• [ABOUT THIS TASK]: Exactly the lines from the opening of the records through the line containing "definition rc0 :: real" should be copied, with both included.

Stored items from a collection
lemma psi32_ratfun_nonpos: "y \<le> 0 \<Longrightarrow> poly (red_den psi32_num psi32_den) y \<noteq> 0
  \<and> ratfun psi32_num psi32_den y = poly psi32_num y / poly psi32_den y"
  using psi32_den_ge_1 by (intro ratfun_eq_quotient) fastforce

section \<open>The recurrence for the scaled Taylor coefficients and its invariant cone\<close>

text \<open>The scaled coefficients satisfy b_(n+3) = rc0 b_n + rc1 b_(n+1) + rc2 b_(n+2); rec_shift is the
  corresponding map on consecutive triples and rec_shift_adj its adjoint.\<close>

definition rc0 :: real where "rc0 = 41305844946860000 / 48098875986026039"

definition rc1 :: real where "rc1 = - 125555150451831600 / 48098875986026039"

definition rc2 :: real where "rc2 = 132105288195229860 / 48098875986026039"

definition rec_shift :: "real \<times> real \<times> real \<Rightarrow> real \<times> real \<times> real" where
  "rec_shift = (\<lambda>(x, y, z). (y, z, rc0 * x + rc1 * y + rc2 * z))"

definition rec_shift_adj :: "real \<times> real \<times> real \<Rightarrow> real \<times> real \<times> real" where
  "rec_shift_adj = (\<lambda>(p0, p1, p2). (rc0 * p2, p0 + rc1 * p2, p1 + rc2 * p2))"

lemma inner_rec_shift: "p \<bullet> rec_shift v = rec_shift_adj p \<bullet> v"
  by (cases p; cases v) (simp add: rec_shift_def rec_shift_adj_def inner_triple algebra_simps)

lemma rec_shift_lorentz_cone:
  "rec_shift v \<in> lorentz_cone l m n
     \<longleftrightarrow> v \<in> lorentz_cone (rec_shift_adj l) (rec_shift_adj m) (rec_shift_adj n)"
  by (simp add: lorentz_cone_def lorentz_form_def inner_rec_shift)

definition cone_l :: "real \<times> real \<times> real" where "cone_l = (90017/10000, - 111981/6250, 99901/10000)"

definition cone_m :: "real \<times> real \<times> real" where "cone_m = (- 202063/25000, 904897/50000, - 1009101/100000)"

definition cone_n :: "real \<times> real \<times> real" where "cone_n = (113863/25000, - 130377/20000, 45643/25000)"

definition coeff_cone :: "(real \<times> real \<times> real) set" where
  "coeff_cone = lorentz_cone cone_l cone_m cone_n"

lemmas cone_data = cone_l_def cone_m_def cone_n_def rec_shift_adj_def rc0_def rc1_def rc2_def

text \<open>Dual certificate: cone_l composed with the recurrence is a combination of the cone
  functionals whose weights satisfy the condition of lorentz_cone_dual.\<close>

lemma cone_adj_l: "rec_shift_adj cone_l =
    (750426518517152850233571531449924/787383445025508836188713261070039) *\<^sub>R cone_l
  + (- 824756391654311429337550424/787383445025508836188713261070039) *\<^sub>R cone_m
  + (- 1497820724653667971989124814/787383445025508836188713261070039) *\<^sub>R cone_n"
  by (simp add: cone_data)

text \<open>Writing Q v for lorentz_form cone_l cone_m cone_n v v, these are the entries of the Gram
  matrix of Q (rec_shift v) - 9047/10000 * Q v; by Sylvester's criterion it is positive semidefinite.\<close>

lemma cone_gain_gram:
  defines "G u w \<equiv> lorentz_form (rec_shift_adj cone_l) (rec_shift_adj cone_m) (rec_shift_adj cone_n) u w
    - 9047/10000 * lorentz_form cone_l cone_m cone_n u w"
  shows "G (1, 0, 0) (1, 0, 0) = 35118807096081823767399668498938848039588295049/57837546777977809136489989650738025000000000000"
    and "G (0, 1, 0) (0, 1, 0) = 116201993444604497119109620088613288288498982463/46270037422382247309191991720590420000000000000"
    and "G (0, 0, 1) (0, 0, 1) = 34466420656388772327999634701889069817476013959/46270037422382247309191991720590420000000000000"
    and "G (1, 0, 0) (0, 1, 0) = - 70882193777998293190404424475137563288576704439/57837546777977809136489989650738025000000000000"
    and "G (1, 0, 0) (0, 0, 1) = 18895157775576236925700001546487499078937570519/28918773388988904568244994825369012500000000000"
    and "G (0, 1, 0) (0, 0, 1) = - 157022709293155685271560808961329446030215019549/115675093555955618272979979301476050000000000000"
  unfolding G_def by (simp_all add: lorentz_form_def cone_data inner_triple)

• [EXERCISE OUTPUT]:
lemma psi32_ratfun_nonpos: "y \<le> 0 \<Longrightarrow> poly (red_den psi32_num psi32_den) y \<noteq> 0
  \<and> ratfun psi32_num psi32_den y = poly psi32_num y / poly psi32_den y"
  using psi32_den_ge_1 by (intro ratfun_eq_quotient) fastforce

section \<open>The recurrence for the scaled Taylor coefficients and its invariant cone\<close>

text \<open>The scaled coefficients satisfy b_(n+3) = rc0 b_n + rc1 b_(n+1) + rc2 b_(n+2); rec_shift is the
  corresponding map on consecutive triples and rec_shift_adj its adjoint.\<close>

definition rc0 :: real where "rc0 = 41305844946860000 / 48098875986026039"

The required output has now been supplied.